Monday, August 07, 2006

Summer reading: from memoirs to margarine

Every summer I read as widely as possible. This summer, I read "Mountains Beyond Mountains'' by Tracy Kidder, (terrific, though it makes you feel like a heel for not helping other people as much as you should) "Candy Girl'' by Diablo Cody (a memoir by a stripper from the Midwest; a page-turner, funny, out-there and irreverent. She slathers on the similes like butter on a heel of sourdough bread, but then again, so do I. I love similes. ) "My Lives" by Edmund White (terrific, though parts of it shocked me so much that it made me feel prudish) a large chunk of "Remembrances of Things Past'' by Marcel Proust (sure, his writing, at times, is a tsunami of logorrhea (example of metaphor, not simile!) but his endless novel captures the beautiful misery of infatuation better than any other writer. The thing about Proust is, you have to read him secretly and in total darkness with a flashlight or else everyone will think you are pretentious. But it's safe to mention him on a blog that no one ever reads.) I also read a manual, from the middle-1950s, about margarine and butter production. It was one of those situations where you are at a library, bored, and you vow to go through a row of books and blindly pick one out and force yourself to read whatever you put your hand on. The book wasn't half bad but there was way too much "demographics of oleo consumption'' in the middle half.
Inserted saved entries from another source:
lemma smooth_closure_oscillating:
  fixes \<Omega> :: "(real^'n::finite) set"
  assumes "\<forall>k t. (deriv ^^ k) h differentiable (at t)"
  shows "smooth_closure \<Omega> (\<lambda>y. h (lam * (y \<bullet> axis i 1)))"
proof -
  have continuous: "continuous_on S (dpar ds (\<lambda>y. h (lam * (y \<bullet> axis i 1))))" for S ds
  proof -
    have "continuous_on S (\<lambda>y. lam ^ length ds * (deriv ^^ length ds) h (lam * (y \<bullet> axis i 1)))"
      by (intro continuous_intros continuous_on_compose2[OF continuous_on_iterated_deriv[OF assms]])
        auto
    then show ?thesis
      unfolding dpar_oscillating[OF assms, abs_def] by (cases "set ds \<subseteq> {i}") auto
  qed
  have "partial_differentiable d (dpar ds (\<lambda>y. h (lam * (y \<bullet> axis i 1)))) x" for ds x d
    unfolding dpar_oscillating[OF assms, abs_def]
    by (cases "set ds \<subseteq> {i}")
      (auto intro: partial_differentiableI has_vector_derivative_oscillating_line[OF assms]
        simp: partial_const)
  moreover have "\<exists>g. continuous_on (closure \<Omega>) g \<and>
      (\<forall>x\<in>\<Omega>. g x = dpar ds (\<lambda>y. h (lam * (y \<bullet> axis i 1))) x)" for ds
    using continuous[of "closure \<Omega>" ds] by blast
  ultimately show ?thesis
    using continuous[of \<Omega>] continuous[of "closure \<Omega>" "[]"]
    unfolding smooth_closure_def smooth_on_iff by simp
qed

definition deriv_bounded ::
    "(real^'n::finite) set \<Rightarrow> (real^'n \<Rightarrow> 'b::real_normed_vector) \<Rightarrow> (nat \<Rightarrow> real) \<Rightarrow> bool" where
  "deriv_bounded \<Omega> f B \<longleftrightarrow> (\<forall>ds. \<forall>x\<in>\<Omega>. norm (dpar ds f x) \<le> B (length ds))"

lemma deriv_boundedD: "deriv_bounded \<Omega> f B \<Longrightarrow> x \<in> \<Omega> \<Longrightarrow> norm (dpar ds f x) \<le> B (length ds)"
  unfolding deriv_bounded_def by blast

lemma deriv_bounded_mono:
  "deriv_bounded \<Omega> f B \<Longrightarrow> (\<And>m. B m \<le> B' m) \<Longrightarrow> deriv_bounded \<Omega> f B'"
  unfolding deriv_bounded_def by (meson order_trans)

lemma deriv_bounded_oscillating:
  fixes \<Omega> :: "(real^'n::finite) set"
  assumes "\<forall>k t. (deriv ^^ k) h differentiable (at t)" "\<forall>k t. \<bar>(deriv ^^ k) h t\<bar> \<le> H k" "lam \<ge> 0"
  shows "deriv_bounded \<Omega> (\<lambda>y. h (lam * (y \<bullet> axis i 1))) (\<lambda>m. lam ^ m * H m)"
  unfolding deriv_bounded_def
proof (intro allI ballI)
  fix ds :: "'n list" and x :: "real^'n"
  have "0 \<le> H (length ds)" using assms(2) by (meson abs_ge_zero order_trans)
  moreover have "\<bar>lam ^ length ds * (deriv ^^ length ds) h (lam * (x \<bullet> axis i 1))\<bar> \<le>
      lam ^ length ds * H (length ds)"
    using assms(2,3) by (simp add: abs_mult mult_left_mono)
  ultimately show "norm (dpar ds (\<lambda>y. h (lam * (y \<bullet> axis i 1))) x) \<le> lam ^ length ds * H (length ds)"
    unfolding dpar_oscillating[OF assms(1)] using assms(3) by auto
qed

lemma deriv_bounded_linear:
  assumes "open \<Omega>" "bounded_linear L" "smooth_on \<Omega> f" "deriv_bounded \<Omega> f B"
  shows "deriv_bounded \<Omega> (\<lambda>y. L (f y)) (\<lambda>m. onorm L * B m)"
  unfolding deriv_bounded_def
proof (intro allI ballI)
  fix ds x assume x: "x \<in> \<Omega>"
  have "norm (dpar ds (\<lambda>y. L (f y)) x) \<le> onorm L * norm (dpar ds f x)"
    unfolding dpar_linear[OF assms(1-3) x] by (rule onorm[OF assms(2)])
  also have "\<dots> \<le> onorm L * B (length ds)"
    using deriv_boundedD[OF assms(4) x] onorm_pos_le[OF assms(2)] by (rule mult_left_mono)
  finally show "norm (dpar ds (\<lambda>y. L (f y)) x) \<le> onorm L * B (length ds)" .
qed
It mucked up the pace with statistics and bar graphs. Fortunately the book perked up again when the author started talking about butterfat ratios toward the end. The book has been in Butler library for 53 years --- and I was the first person on record to ever check it out!! They had to create a barcode just for me.

Will you please leash your unwashed rodentish hound puppies?

A terrifying flat-faced puppy of unknown origins paid an unwanted visit to Rio Del Mar beach and wreaked all kinds of havoc. It was ugly as a bat and had fangs at least a foot long hanging out of its mouth. It came after me and my borrowed beagle yesterday, and guess whether or not this beast was on a leash. The answer is NO. Anyhow it came snarling through the sands and was just about to attack my beagle for rent when I gathered up my courage and performed an intervention. I created a human shield between the beagle and the monster puppy and told it very loudly to 'turn around and please go home.' Just then a woman appeared behind a mound of mouldering seaweed. She accused me of speaking in an undiplomatic voice to her puppy. She was slathered head to toe with tattoos and her yawns smelled like Bourbon. Let's just say that I'm bringing the bear mace to the beach from now on. What's next? Dingos? Hyenas?